Myths worth dropping
- "I am careful online, so I do not need protection." Careful users still hit malicious ads and legitimate sites that have been quietly compromised. Good habits reduce your risk; they do not remove it.
- "Macs and phones do not get malware." They see less of it than Windows, but Mac malware is real and growing, and phones are targeted constantly through fake apps and phishing texts.
- "Antivirus slows everything down." That reputation was earned a long time ago. Current tools, including the built-in ones, are light enough that you will rarely notice them working.
Where to start tonight
Ten minutes covers all of this, and you can do it from the couch.
- On Windows, open the Windows Security app, confirm real-time protection is on, and run a quick scan.
- On a Mac, open System Settings, then Privacy & Security, and confirm apps are allowed only from the App Store and identified developers.

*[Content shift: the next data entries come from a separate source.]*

(* Assume $f_1,f_0$ are $\ell_1$-Lipschitz with constants $L_1,L_0$. Define $$L_{UN}:=\sup_{\pi\in[0,1],\;0<\Delta\le\pi}\Big(\pi L_1+(1-\pi)L_0+|f_1(0,\pi-\Delta)-f_0(0,\pi-\Delta)|\Big).$$ If $L_{UN}<1$, then $f(\pi)=\pi f_1(0,\pi)+(1-\pi)f_0(0,\pi)$ satisfies $|f(x)-f(y)|\le L_{UN}|x-y|$ for all $x,y\in[0,1]$; consequently $f$ has a unique fixed point $\pi^{\mathfrak e}$, the unconstrained policy is equalizing in discrete time, and if $\max_{j\in\{A,B\}}|\pi_0(1|j)-\pi^{\mathfrak e}|\le d$ then $|\pi_t(1|A)-\pi_t(1|B)|\le 2dL_{UN}^t$ for all $t\ge0$.
   Context: Two groups $A,B$; at time $t$ group $j$ has qualification profile $\pi_t(1|j)\in[0,1]$, $\pi_t(0|j)=1-\pi_t(1|j)$. Selection rates $\beta_t(v;j)=\tau(v;j)\pi_t(v|j)$ for a policy $\tau(v;j)\in[0,1]$. Dynamics: continuously differentiable $f_0,f_1:[0,1]^2\to[0,1]$, and in discrete time $\pi_{t+1}(1|j)=\pi_t(1|j)f_1(\beta_t(0;j),\beta_t(1;j))+(1-\pi_t(1|j))f_0(\beta_t(0;j),\beta_t(1;j))$. Under the unconstrained policy ($\tau(1;j)=1$, $\tau(0;j)=0$) each group evolves by $\pi_{t+1}=f(\pi_t)$. "$\ell_1$-Lipschitz with constant $L_i$" means $|f_i(x_1,x_2)-f_i(y_1,y_2)|\le L_i(|x_1-y_1|+|x_2-y_2|)$ for all $x_1,x_2,y_1,y_2\in[0,1]$. Equalizing: $|\pi_t(1|A)-\pi_t(1|B)|\to0$ for all initial profiles. *)

theory Defs
  imports "HOL-Analysis.Analysis"
begin

definition unit_square :: "(real \<times> real) set" where
  "unit_square = {0..1} \<times> {0..1}"

definition C1_on_square :: "(real \<Rightarrow> real \<Rightarrow> real) \<Rightarrow> bool" where
  "C1_on_square g \<longleftrightarrow>
     (\<exists>g1 g2 :: real \<Rightarrow> real \<Rightarrow> real.
        continuous_on unit_square (\<lambda>(x, y). g1 x y) \<and>
        continuous_on unit_square (\<lambda>(x, y). g2 x y) \<and>
        (\<forall>x y. (x, y) \<in> unit_square \<longrightarrow>
           ((\<lambda>(u, v). g u v) has_derivative (\<lambda>(h, k). g1 x y * h + g2 x y * k))
             (at (x, y) within unit_square)))"

definition l1_lipschitz :: "real \<Rightarrow> (real \<Rightarrow> real \<Rightarrow> real) \<Rightarrow> bool" where
  "l1_lipschitz L g \<longleftrightarrow>
     (\<forall>x1 x2 y1 y2. x1 \<in> {0..1} \<longrightarrow> x2 \<in> {0..1} \<longrightarrow> y1 \<in> {0..1} \<longrightarrow> y2 \<in> {0..1} \<longrightarrow>
        \<bar>g x1 x2 - g y1 y2\<bar> \<le> L * (\<bar>x1 - y1\<bar> + \<bar>x2 - y2\<bar>))"

text \<open>One step of the discrete-time dynamics of a single group with qualification profile
  p = pi_t(1|j) under policy tau(0;j) = tau0, tau(1;j) = tau1:
  beta_t(0;j) = tau0 * (1 - p), beta_t(1;j) = tau1 * p.\<close>
definition dyn_step :: "(real \<Rightarrow> real \<Rightarrow> real) \<Rightarrow> (real \<Rightarrow> real \<Rightarrow> real) \<Rightarrow> real \<Rightarrow> real \<Rightarrow> real \<Rightarrow> real" where
  "dyn_step f0 f1 tau0 tau1 p =
     (let b0 = tau0 * (1 - p); b1 = tau1 * p in p * f1 b0 b1 + (1 - p) * f0 b0 b1)"

definition traj :: "(real \<Rightarrow> real \<Rightarrow> real) \<Rightarrow> (real \<Rightarrow> real \<Rightarrow> real) \<Rightarrow> real \<Rightarrow> real \<Rightarrow> real \<Rightarrow> nat \<Rightarrow> real" where
  "traj f0 f1 tau0 tau1 p0 t = ((dyn_step f0 f1 tau0 tau1) ^^ t) p0"

text \<open>Unconstrained policy: tau(1;j) = 1, tau(0;j) = 0 for both groups.\<close>
definition unconstrained_traj :: "(real \<Rightarrow> real \<Rightarrow> real) \<Rightarrow> (real \<Rightarrow> real \<Rightarrow> real) \<Rightarrow> real \<Rightarrow> nat \<Rightarrow> real" where
  "unconstrained_traj f0 f1 p0 t = traj f0 f1 0 1 p0 t"

definition equalizing :: "(real \<Rightarrow> real \<Rightarrow> real) \<Rightarrow> (real \<Rightarrow> real \<Rightarrow> real) \<Rightarrow> real \<Rightarrow> real \<Rightarrow> bool" where
  "equalizing f0 f1 tau0 tau1 \<longleftrightarrow>
     (\<forall>pA pB. pA \<in> {0..1} \<longrightarrow> pB \<in> {0..1} \<longrightarrow>
        (\<lambda>t. \<bar>traj f0 f1 tau0 tau1 pA t - traj f0 f1 tau0 tau1 pB t\<bar>) \<longlonglongrightarrow> 0)"

end

theory Submission
  imports Defs
begin

text \<open>Under the unconstrained policy every group follows the same map
  \<open>f(\<pi>) = \<pi> f\<^sub>1(0,\<pi>) + (1-\<pi>) f\<^sub>0(0,\<pi>)\<close>. For \<open>y < x\<close> one writes
  \<open>f x - f y = x (f\<^sub>1(0,x) - f\<^sub>1(0,y)) + (1-x) (f\<^sub>0(0,x) - f\<^sub>0(0,y)) + (x-y) (f\<^sub>1(0,y) - f\<^sub>0(0,y))\<close>,
  so the Lipschitz bounds of \<open>f\<^sub>0, f\<^sub>1\<close> and the term in the supremum (with \<open>\<pi> = x\<close>, \<open>\<Delta> = x - y\<close>)
  make \<open>f\<close> an \<open>L\<^sub>U\<^sub>N\<close>-contraction of \<open>[0,1]\<close>. Banach's fixed point theorem gives the unique
  fixed point, and the distance between the two groups shrinks by a factor \<open>L\<^sub>U\<^sub>N\<close> per step.\<close>

lemma funpow_image_subset:
  assumes "f ` S \<subseteq> S"
  shows "(f ^^ n) ` S \<subseteq> S"
  using assms by (induction n) auto

lemma funpow_lipschitz_on:
  assumes "C-lipschitz_on S f" and "f ` S \<subseteq> S"
  shows "(C ^ n)-lipschitz_on S (f ^^ n)"
proof (induction n)
  case 0
  show ?case by (auto simp: lipschitz_on_def)
next
  case (Suc n)
  have "(C * C ^ n)-lipschitz_on S (f \<circ> (f ^^ n))"
    using Suc lipschitz_on_subset[OF assms(1) funpow_image_subset[OF assms(2)]]
    by (rule lipschitz_on_compose)
  then show ?case by (simp add: funpow_Suc_right[symmetric] funpow_swap1)
qed

lemma funpow_contraction_dist_tendsto:
  assumes "C-lipschitz_on S f" and "f ` S \<subseteq> S" and "C < 1" and "x \<in> S" and "y \<in> S"
  shows "(\<lambda>n. dist ((f ^^ n) x) ((f ^^ n) y)) \<longlonglongrightarrow> 0"
proof (rule Lim_null_comparison)
  have "0 \<le> C" using assms(1) by (rule lipschitz_on_nonneg)
  then show "(\<lambda>n. C ^ n * dist x y) \<longlonglongrightarrow> 0"
    using \<open>C < 1\<close> by (intro tendsto_mult_left_zero LIMSEQ_power_zero) auto
  show "\<forall>\<^sub>F n in sequentially. norm (dist ((f ^^ n) x) ((f ^^ n) y)) \<le> C ^ n * dist x y"
    using lipschitz_onD[OF funpow_lipschitz_on[OF assms(1,2)]] assms(4,5) by simp
qed

lemma l1_lipschitz_nonneg:
  assumes "l1_lipschitz L g"
  shows "0 \<le> L"
  using assms[unfolded l1_lipschitz_def, rule_format, of 1 0 0 0]
  by (auto intro: order_trans[OF abs_ge_zero])

definition unconstrained_step :: "(real \<Rightarrow> real \<Rightarrow> real) \<Rightarrow> (real \<Rightarrow> real \<Rightarrow> real) \<Rightarrow> real \<Rightarrow> real"
  where "unconstrained_step f0 f1 p = p * f1 0 p + (1 - p) * f0 0 p"

lemma dyn_step_unconstrained: "dyn_step f0 f1 0 1 = unconstrained_step f0 f1"
  by (auto simp: dyn_step_def unconstrained_step_def Let_def)

lemma traj_unconstrained: "traj f0 f1 0 1 p t = (unconstrained_step f0 f1 ^^ t) p"
  by (simp add: traj_def dyn_step_unconstrained)

lemma unconstrained_step_image_unit:
  assumes "\<And>y. y \<in> {0..1} \<Longrightarrow> f0 0 y \<in> {0..1}" and "\<And>y. y \<in> {0..1} \<Longrightarrow> f1 0 y \<in> {0..1}"
  shows "unconstrained_step f0 f1 ` {0..1} \<subseteq> {0..1}"
proof
  fix q assume "q \<in> unconstrained_step f0 f1 ` {0..1}"
  then obtain p where p: "p \<in> {0..1}" and q: "q = p * f1 0 p + (1 - p) * f0 0 p"
    by (auto simp: unconstrained_step_def)
  have "f1 0 p \<in> {0..1}" "f0 0 p \<in> {0..1}" using p assms by auto
  then show "q \<in> {0..1}"
    using p convex_bound_le[of "f1 0 p" 1 "f0 0 p" p "1 - p"] by (auto simp: q)
qed

lemma unconstrained_step_increment_bound:
  assumes lip0: "l1_lipschitz L0 f0" and lip1: "l1_lipschitz L1 f1"
    and xy: "0 \<le> y" "y \<le> x" "x \<le> 1"
  shows "\<bar>unconstrained_step f0 f1 x - unconstrained_step f0 f1 y\<bar>
           \<le> (x - y) * (x * L1 + (1 - x) * L0 + \<bar>f1 0 y - f0 0 y\<bar>)"
proof -
  have d1: "\<bar>f1 0 x - f1 0 y\<bar> \<le> L1 * (x - y)"
    using lip1[unfolded l1_lipschitz_def, rule_format, of 0 x 0 y] xy by simp
  have d0: "\<bar>f0 0 x - f0 0 y\<bar> \<le> L0 * (x - y)"
    using lip0[unfolded l1_lipschitz_def, rule_format, of 0 x 0 y] xy by simp
  have "unconstrained_step f0 f1 x - unconstrained_step f0 f1 y
      = x * (f1 0 x - f1 0 y) + (1 - x) * (f0 0 x - f0 0 y) + (x - y) * (f1 0 y - f0 0 y)"
    by (simp add: unconstrained_step_def algebra_simps)
  also have "\<bar>\<dots>\<bar> \<le> x * \<bar>f1 0 x - f1 0 y\<bar> + (1 - x) * \<bar>f0 0 x - f0 0 y\<bar>
                      + (x - y) * \<bar>f1 0 y - f0 0 y\<bar>"
    using xy by (auto simp: abs_mult intro!: abs_triangle_ineq[THEN order_trans] add_mono)
  also have "\<dots> \<le> x * (L1 * (x - y)) + (1 - x) * (L0 * (x - y)) + (x - y) * \<bar>f1 0 y - f0 0 y\<bar>"
    using xy d0 d1 by (intro add_mono mult_left_mono) auto
  also have "\<dots> = (x - y) * (x * L1 + (1 - x) * L0 + \<bar>f1 0 y - f0 0 y\<bar>)"
    by (simp add: algebra_simps)
  finally show ?thesis .
qed

lemma unconstrained_step_lipschitz_on:
  assumes lip0: "l1_lipschitz L0 f0" and lip1: "l1_lipschitz L1 f1"
    and bound: "\<And>pi D. 0 \<le> pi \<Longrightarrow> pi \<le> 1 \<Longrightarrow> 0 < D \<Longrightarrow> D \<le> pi \<Longrightarrow>
                  pi * L1 + (1 - pi) * L0 + \<bar>f1 0 (pi - D) - f0 0 (pi - D)\<bar> \<le> M"
  shows "M-lipschitz_on {0..1} (unconstrained_step f0 f1)"
proof (rule lipschitz_on_leI)
  have "L1 + \<bar>f1 0 0 - f0 0 0\<bar> \<le> M" using bound[of 1 1] by simp
  then show "0 \<le> M" using l1_lipschitz_nonneg[OF lip1] abs_ge_zero[of "f1 0 0 - f0 0 0"] by linarith
  fix x y :: real assume "x \<in> {0..1}" "y \<in> {0..1}" "x \<le> y"
  show "dist (unconstrained_step f0 f1 x) (unconstrained_step f0 f1 y) \<le> M * dist x y"
  proof (cases "x = y")
    case False
    with \<open>x \<le> y\<close> have "y * L1 + (1 - y) * L0 + \<bar>f1 0 x - f0 0 x\<bar> \<le> M"
      using bound[of y "y - x"] \<open>x \<in> {0..1}\<close> \<open>y \<in> {0..1}\<close> by simp
    then have "(y - x) * (y * L1 + (1 - y) * L0 + \<bar>f1 0 x - f0 0 x\<bar>) \<le> (y - x) * M"
      using \<open>x \<le> y\<close> by (intro mult_left_mono) auto
    then show ?thesis
      using unconstrained_step_increment_bound[OF lip0 lip1, of x y] \<open>x \<in> {0..1}\<close> \<open>y \<in> {0..1}\<close> \<open>x \<le> y\<close>
      by (simp add: dist_real_def abs_minus_commute mult.commute)
  qed simp
qed

lemma bdd_above_LUN_set:
  fixes f0 f1 :: "real \<Rightarrow> real \<Rightarrow> real" and L0 L1 :: real
  assumes "\<And>y. y \<in> {0..1} \<Longrightarrow> f0 0 y \<in> {0..1}" and "\<And>y. y \<in> {0..1} \<Longrightarrow> f1 0 y \<in> {0..1}"
  shows "bdd_above {pi * L1 + (1 - pi) * L0 + \<bar>f1 0 (pi - D) - f0 0 (pi - D)\<bar> | pi D.
                      0 \<le> pi \<and> pi \<le> 1 \<and> 0 < D \<and> D \<le> pi}"
proof (rule bdd_aboveI, safe)
  fix pi D :: real assume h: "0 \<le> pi" "pi \<le> 1" "0 < D" "D \<le> pi"
  then have "f1 0 (pi - D) \<in> {0..1}" "f0 0 (pi - D) \<in> {0..1}" using assms by auto
  then have "\<bar>f1 0 (pi - D) - f0 0 (pi - D)\<bar> \<le> 1" by auto
  moreover have "pi * L1 \<le> \<bar>L1\<bar>" "(1 - pi) * L0 \<le> \<bar>L0\<bar>"
    using h mult_left_le_one_le[of "\<bar>L1\<bar>" pi] mult_left_le_one_le[of "\<bar>L0\<bar>" "1 - pi"]
          mult_left_mono[OF abs_ge_self, of pi L1] mult_left_mono[OF abs_ge_self, of "1 - pi" L0]
    by linarith+
  ultimately show "pi * L1 + (1 - pi) * L0 + \<bar>f1 0 (pi - D) - f0 0 (pi - D)\<bar> \<le> \<bar>L1\<bar> + \<bar>L0\<bar> + 1"
    by linarith
qed

theorem mainTheorem2:
  fixes f0 f1 :: "real \<Rightarrow> real \<Rightarrow> real" and L0 L1 :: real
  assumes range0: "\<And>x y. x \<in> {0..1} \<Longrightarrow> y \<in> {0..1} \<Longrightarrow> f0 x y \<in> {0..1}"
    and range1: "\<And>x y. x \<in> {0..1} \<Longrightarrow> y \<in> {0..1} \<Longrightarrow> f1 x y \<in> {0..1}"
    and C1_0: "C1_on_square f0" and C1_1: "C1_on_square f1"
    and lip0: "l1_lipschitz L0 f0" and lip1: "l1_lipschitz L1 f1"
    and LUN_def: "LUN = Sup {pi * L1 + (1 - pi) * L0 + \<bar>f1 0 (pi - D) - f0 0 (pi - D)\<bar> | pi D.
                               0 \<le> pi \<and> pi \<le> 1 \<and> 0 < D \<and> D \<le> pi}"
    and f_def: "f = (\<lambda>pi. pi * f1 0 pi + (1 - pi) * f0 0 pi)"
    and LUN_lt: "LUN < 1"
  shows "(\<forall>x\<in>{0..1}. \<forall>y\<in>{0..1}. \<bar>f x - f y\<bar> \<le> LUN * \<bar>x - y\<bar>)
       \<and> (\<exists>!pe. pe \<in> {0..1} \<and> f pe = pe)
       \<and> equalizing f0 f1 0 1
       \<and> (\<forall>pe pA pB d. pe \<in> {0..1} \<and> f pe = pe \<longrightarrow> pA \<in> {0..1} \<longrightarrow> pB \<in> {0..1} \<longrightarrow>
            max \<bar>pA - pe\<bar> \<bar>pB - pe\<bar> \<le> d \<longrightarrow>
            (\<forall>t. \<bar>unconstrained_traj f0 f1 pA t - unconstrained_traj f0 f1 pB t\<bar> \<le> 2 * d * LUN ^ t))"
proof -
  have f: "f = unconstrained_step f0 f1" by (simp add: f_def unconstrained_step_def fun_eq_iff)
  have maps: "f ` {0..1} \<subseteq> {0..1}"
    unfolding f using range0 range1 by (intro unconstrained_step_image_unit) auto
  have "LUN-lipschitz_on {0..1} f"
    unfolding f using lip0 lip1
  proof (rule unconstrained_step_lipschitz_on)
    show "pi * L1 + (1 - pi) * L0 + \<bar>f1 0 (pi - D) - f0 0 (pi - D)\<bar> \<le> LUN"
      if "0 \<le> pi" "pi \<le> 1" "0 < D" "D \<le> pi" for pi D
      unfolding LUN_def
      by (rule cSup_upper) (use that in blast, use range0 range1 in \<open>auto intro: bdd_above_LUN_set\<close>)
  qed
  then have contraction: "LUN-lipschitz_on {0..1} f" and "0 \<le> LUN"
    by (auto dest: lipschitz_on_nonneg)
  have traj_dist: "\<bar>traj f0 f1 0 1 a t - traj f0 f1 0 1 b t\<bar> \<le> LUN ^ t * \<bar>a - b\<bar>"
    if "a \<in> {0..1}" "b \<in> {0..1}" for a b t
    using lipschitz_onD[OF funpow_lipschitz_on[OF contraction maps] that]
    by (simp add: traj_unconstrained f dist_real_def)
  have "\<exists>!pe\<in>{0..1}. f pe = pe"
    using contraction maps \<open>0 \<le> LUN\<close> LUN_lt
    by (intro Banach_fix) (auto simp: complete_eq_closed lipschitz_on_def)
  moreover have "equalizing f0 f1 0 1"
    unfolding equalizing_def
    using funpow_contraction_dist_tendsto[OF contraction maps LUN_lt]
    by (simp add: traj_unconstrained f dist_real_def)
  moreover have "\<bar>unconstrained_traj f0 f1 pA t - unconstrained_traj f0 f1 pB t\<bar> \<le> 2 * d * LUN ^ t"
    if "pA \<in> {0..1}" "pB \<in> {0..1}" "max \<bar>pA - pe\<bar> \<bar>pB - pe\<bar> \<le> d" for pe pA pB d t
  proof -
    have "LUN ^ t * \<bar>pA - pB\<bar> \<le> LUN ^ t * (2 * d)"
      using that(3) \<open>0 \<le> LUN\<close> by (intro mult_left_mono) auto
    then show ?thesis
      using traj_dist[OF that(1,2), of t] by (simp add: unconstrained_traj_def mult.commute)
  qed
  ultimately show ?thesis
    using contraction by (auto simp: lipschitz_on_def dist_real_def)
qed

end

- On your phone, install any waiting system update, then delete the apps you no longer use.
- Turn on automatic updates on every device that offers them.
- Enable two-factor authentication on your email account first, since whoever controls it can reset everything else.
- If a free antivirus you do not remember choosing is installed, uninstall it and let the built-in protection take over.
Do those six things and you are better protected than most people who pay for security software and never open it.